** Input follows **

(* Assume $a+b\le1$. Then the marginal law $\nu$ of $\omega$ under $\mathbf P$, viewed as a measure on subsets of $\mathsf E$, satisfies the FKG lattice condition: $\nu(\xi_1\cap\xi_2)\,\nu(\xi_1\cup\xi_2)\ge\nu(\xi_1)\,\nu(\xi_2)$ for all $\xi_1,\xi_2\subseteq\mathsf E$.
   Context: Let $M$ be a compact orientable surface without boundary, or the plane. Let $\mathsf G=(\mathsf V,\mathsf E)$ be a finite connected graph embedded in $M$ with all faces topological discs, and $\mathsf G^*=(\mathsf U,\mathsf E^* )$ its embedded dual ($\mathsf U$ = faces of $\mathsf G$); $e^*$ is the dual edge crossing $e$, $\xi^*=\{e^*:e\in\xi\}$. Fix integers $q,q'\ge1$, finite $Q,Q'\subset\mathbb C$ with $Q=-Q$, $Q'=-Q'$, $|Q|=q$, $|Q'|=q'$, and $a,b\in(0,1]$. For $\sigma:\mathsf V\to Q$, $\eta(\sigma)\subseteq\mathsf E^*$ is the set of $e^*$ whose primal $e$ has endpoints with different $\sigma$-values; for $\sigma':\mathsf U\to Q'$, $\eta(\sigma')\subseteq\mathsf E$ is the set of $e$ whose dual $e^*$ has endpoints with different $\sigma'$-values. $\mathbf P(\sigma,\sigma')\propto a^{|\eta(\sigma')|}b^{|\eta(\sigma)|}$ on $\Sigma=\{(\sigma,\sigma'):\eta(\sigma)^*\cap\eta(\sigma')=\emptyset\}$. Percolation (for $a+b\le1$): given $(\sigma,\sigma')$, every edge of $\eta(\sigma')$ and every dual edge of $\eta(\sigma)$ is open; for each pair $(e,e^* )$ with $e\notin\eta(\sigma')$, $e^*\notin\eta(\sigma)$, independently, ($e$ open, $e^*$ closed) w.p. $a$, ($e$ closed, $e^*$ open) w.p. $b$, both open w.p. $1-a-b$. $\omega\subseteq\mathsf E$ is the set of open primal edges; $\mathbf P$ is the joint law. *)

theory Defs
  imports "HOL-Analysis.Analysis"
begin

text \<open>
  Cellularly embedded graphs on compact orientable surfaces are encoded
  combinatorially by rotation systems (combinatorial maps, Heffter--Edmonds):
  a finite set of darts D, a fixed-point-free involution alpha (the two halves
  of an edge) and a permutation rho (cyclic order of darts around a vertex).  The dual edge e* of the edge e = {d, alpha d} joins the faces
  of d and of alpha d; we index dual edges by the primal edge they cross.
\<close>

definition orb :: "('d \<Rightarrow> 'd) \<Rightarrow> 'd \<Rightarrow> 'd set" where
  "orb f d = {(f ^^ n) d | n. True}"

definition comb_map :: "'d set \<Rightarrow> ('d \<Rightarrow> 'd) \<Rightarrow> ('d \<Rightarrow> 'd) \<Rightarrow> bool" where
  "comb_map D alpha rho \<longleftrightarrow>
     finite D \<and> bij_betw alpha D D \<and> bij_betw rho D D \<and>
     (\<forall>d\<in>D. alpha d \<noteq> d \<and> alpha (alpha d) = d) \<and>
     (\<forall>d\<in>D. \<forall>d'\<in>D.
        (d, d') \<in> ({(x, rho x) | x. x \<in> D} \<union> {(x, alpha x) | x. x \<in> D})\<^sup>*)"

definition map_vertices :: "'d set \<Rightarrow> ('d \<Rightarrow> 'd) \<Rightarrow> 'd set set" where
  "map_vertices D rho = {orb rho d | d. d \<in> D}"

definition map_faces :: "'d set \<Rightarrow> ('d \<Rightarrow> 'd) \<Rightarrow> ('d \<Rightarrow> 'd) \<Rightarrow> 'd set set" where
  "map_faces D alpha rho = {orb (rho \<circ> alpha) d | d. d \<in> D}"

definition map_edges :: "'d set \<Rightarrow> ('d \<Rightarrow> 'd) \<Rightarrow> 'd set set" where
  "map_edges D alpha = {{d, alpha d} | d. d \<in> D}"

definition etaV :: "'d set \<Rightarrow> ('d \<Rightarrow> 'd) \<Rightarrow> ('d \<Rightarrow> 'd) \<Rightarrow> ('d set \<Rightarrow> complex) \<Rightarrow> 'd set set" where
  "etaV D alpha rho s = {e \<in> map_edges D alpha. \<exists>d\<in>e. s (orb rho d) \<noteq> s (orb rho (alpha d))}"

definition etaU :: "'d set \<Rightarrow> ('d \<Rightarrow> 'd) \<Rightarrow> ('d \<Rightarrow> 'd) \<Rightarrow> ('d set \<Rightarrow> complex) \<Rightarrow> 'd set set" where
  "etaU D alpha rho s' = {e \<in> map_edges D alpha.
      \<exists>d\<in>e. s' (orb (rho \<circ> alpha) d) \<noteq> s' (orb (rho \<circ> alpha) (alpha d))}"

definition spin_pairs ::
  "'d set \<Rightarrow> ('d \<Rightarrow> 'd) \<Rightarrow> ('d \<Rightarrow> 'd) \<Rightarrow> complex set \<Rightarrow> complex set
     \<Rightarrow> (('d set \<Rightarrow> complex) \<times> ('d set \<Rightarrow> complex)) set" where
  "spin_pairs D alpha rho Q Q' =
     {(s, s'). s \<in> (map_vertices D rho \<rightarrow>\<^sub>E Q) \<and> s' \<in> (map_faces D alpha rho \<rightarrow>\<^sub>E Q') \<and>
               etaV D alpha rho s \<inter> etaU D alpha rho s' = {}}"

definition spin_weight ::
  "'d set \<Rightarrow> ('d \<Rightarrow> 'd) \<Rightarrow> ('d \<Rightarrow> 'd) \<Rightarrow> real \<Rightarrow> real
     \<Rightarrow> ('d set \<Rightarrow> complex) \<Rightarrow> ('d set \<Rightarrow> complex) \<Rightarrow> real" where
  "spin_weight D alpha rho a b s s' =
     a ^ card (etaU D alpha rho s') * b ^ card (etaV D alpha rho s)"

definition spin_law ::
  "'d set \<Rightarrow> ('d \<Rightarrow> 'd) \<Rightarrow> ('d \<Rightarrow> 'd) \<Rightarrow> complex set \<Rightarrow> complex set \<Rightarrow> real \<Rightarrow> real
     \<Rightarrow> ('d set \<Rightarrow> complex) \<Rightarrow> ('d set \<Rightarrow> complex) \<Rightarrow> real" where
  "spin_law D alpha rho Q Q' a b s s' =
     (if (s, s') \<in> spin_pairs D alpha rho Q Q' then
        spin_weight D alpha rho a b s s' /
        (\<Sum>(t, t')\<in>spin_pairs D alpha rho Q Q'. spin_weight D alpha rho a b t t')
      else 0)"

** End of Input **

Goal of the exercise
Copy out the data exactly, keeping each line whole.

Response to this task
(* Assume $a+b\le1$. Then the marginal law $\nu$ of $\omega$ under $\mathbf P$, viewed as a measure on subsets of $\mathsf E$, satisfies the FKG lattice condition: $\nu(\xi_1\cap\xi_2)\,\nu(\xi_1\cup\xi_2)\ge\nu(\xi_1)\,\nu(\xi_2)$ for all $\xi_1,\xi_2\subseteq\mathsf E$.
   Context: Let $M$ be a compact orientable surface without boundary, or the plane. Let $\mathsf G=(\mathsf V,\mathsf E)$ be a finite connected graph embedded in $M$ with all faces topological discs, and $\mathsf G^*=(\mathsf U,\mathsf E^* )$ its embedded dual ($\mathsf U$ = faces of $\mathsf G$); $e^*$ is the dual edge crossing $e$, $\xi^*=\{e^*:e\in\xi\}$. Fix integers $q,q'\ge1$, finite $Q,Q'\subset\mathbb C$ with $Q=-Q$, $Q'=-Q'$, $|Q|=q$, $|Q'|=q'$, and $a,b\in(0,1]$. For $\sigma:\mathsf V\to Q$, $\eta(\sigma)\subseteq\mathsf E^*$ is the set of $e^*$ whose primal $e$ has endpoints with different $\sigma$-values; for $\sigma':\mathsf U\to Q'$, $\eta(\sigma')\subseteq\mathsf E$ is the set of $e$ whose dual $e^*$ has endpoints with different $\sigma'$-values. $\mathbf P(\sigma,\sigma')\propto a^{|\eta(\sigma')|}b^{|\eta(\sigma)|}$ on $\Sigma=\{(\sigma,\sigma'):\eta(\sigma)^*\cap\eta(\sigma')=\emptyset\}$. Percolation (for $a+b\le1$): given $(\sigma,\sigma')$, every edge of $\eta(\sigma')$ and every dual edge of $\eta(\sigma)$ is open; for each pair $(e,e^* )$ with $e\notin\eta(\sigma')$, $e^*\notin\eta(\sigma)$, independently, ($e$ open, $e^*$ closed) w.p. $a$, ($e$ closed, $e^*$ open) w.p. $b$, both open w.p. $1-a-b$. $\omega\subseteq\mathsf E$ is the set of open primal edges; $\mathbf P$ is the joint law. *)

theory Defs
  imports "HOL-Analysis.Analysis"
begin

text \<open>
  Cellularly embedded graphs on compact orientable surfaces are encoded
  combinatorially by rotation systems (combinatorial maps, Heffter--Edmonds):
  a finite set of darts D, a fixed-point-free involution alpha (the two halves
  of an edge) and a permutation rho (cyclic order of darts around a vertex).  The dual edge e* of the edge e = {d, alpha d} joins the faces
  of d and of alpha d; we index dual edges by the primal edge they cross.
\<close>

definition orb :: "('d \<Rightarrow> 'd) \<Rightarrow> 'd \<Rightarrow> 'd set" where
  "orb f d = {(f ^^ n) d | n. True}"

definition comb_map :: "'d set \<Rightarrow> ('d \<Rightarrow> 'd) \<Rightarrow> ('d \<Rightarrow> 'd) \<Rightarrow> bool" where
  "comb_map D alpha rho \<longleftrightarrow>
     finite D \<and> bij_betw alpha D D \<and> bij_betw rho D D \<and>
     (\<forall>d\<in>D. alpha d \<noteq> d \<and> alpha (alpha d) = d) \<and>
     (\<forall>d\<in>D. \<forall>d'\<in>D.
        (d, d') \<in> ({(x, rho x) | x. x \<in> D} \<union> {(x, alpha x) | x. x \<in> D})\<^sup>*)"

definition map_vertices :: "'d set \<Rightarrow> ('d \<Rightarrow> 'd) \<Rightarrow> 'd set set" where
  "map_vertices D rho = {orb rho d | d. d \<in> D}"

definition map_faces :: "'d set \<Rightarrow> ('d \<Rightarrow> 'd) \<Rightarrow> ('d \<Rightarrow> 'd) \<Rightarrow> 'd set set" where
  "map_faces D alpha rho = {orb (rho \<circ> alpha) d | d. d \<in> D}"

definition map_edges :: "'d set \<Rightarrow> ('d \<Rightarrow> 'd) \<Rightarrow> 'd set set" where
  "map_edges D alpha = {{d, alpha d} | d. d \<in> D}"

definition etaV :: "'d set \<Rightarrow> ('d \<Rightarrow> 'd) \<Rightarrow> ('d \<Rightarrow> 'd) \<Rightarrow> ('d set \<Rightarrow> complex) \<Rightarrow> 'd set set" where
  "etaV D alpha rho s = {e \<in> map_edges D alpha. \<exists>d\<in>e. s (orb rho d) \<noteq> s (orb rho (alpha d))}"

definition etaU :: "'d set \<Rightarrow> ('d \<Rightarrow> 'd) \<Rightarrow> ('d \<Rightarrow> 'd) \<Rightarrow> ('d set \<Rightarrow> complex) \<Rightarrow> 'd set set" where
  "etaU D alpha rho s' = {e \<in> map_edges D alpha.
      \<exists>d\<in>e. s' (orb (rho \<circ> alpha) d) \<noteq> s' (orb (rho \<circ> alpha) (alpha d))}"

definition spin_pairs ::
  "'d set \<Rightarrow> ('d \<Rightarrow> 'd) \<Rightarrow> ('d \<Rightarrow> 'd) \<Rightarrow> complex set \<Rightarrow> complex set
     \<Rightarrow> (('d set \<Rightarrow> complex) \<times> ('d set \<Rightarrow> complex)) set" where
  "spin_pairs D alpha rho Q Q' =
     {(s, s'). s \<in> (map_vertices D rho \<rightarrow>\<^sub>E Q) \<and> s' \<in> (map_faces D alpha rho \<rightarrow>\<^sub>E Q') \<and>
               etaV D alpha rho s \<inter> etaU D alpha rho s' = {}}"

definition spin_weight ::
  "'d set \<Rightarrow> ('d \<Rightarrow> 'd) \<Rightarrow> ('d \<Rightarrow> 'd) \<Rightarrow> real \<Rightarrow> real
     \<Rightarrow> ('d set \<Rightarrow> complex) \<Rightarrow> ('d set \<Rightarrow> complex) \<Rightarrow> real" where
  "spin_weight D alpha rho a b s s' =
     a ^ card (etaU D alpha rho s') * b ^ card (etaV D alpha rho s)"

definition spin_law ::
  "'d set \<Rightarrow> ('d \<Rightarrow> 'd) \<Rightarrow> ('d \<Rightarrow> 'd) \<Rightarrow> complex set \<Rightarrow> complex set \<Rightarrow> real \<Rightarrow> real
     \<Rightarrow> ('d set \<Rightarrow> complex) \<Rightarrow> ('d set \<Rightarrow> complex) \<Rightarrow> real" where
  "spin_law D alpha rho Q Q' a b s s' =
     (if (s, s') \<in> spin_pairs D alpha rho Q Q' then
        spin_weight D alpha rho a b s s' /
        (\<Sum>(t, t')\<in>spin_pairs D alpha rho Q Q'. spin_weight D alpha rho a b t t')
      else 0)"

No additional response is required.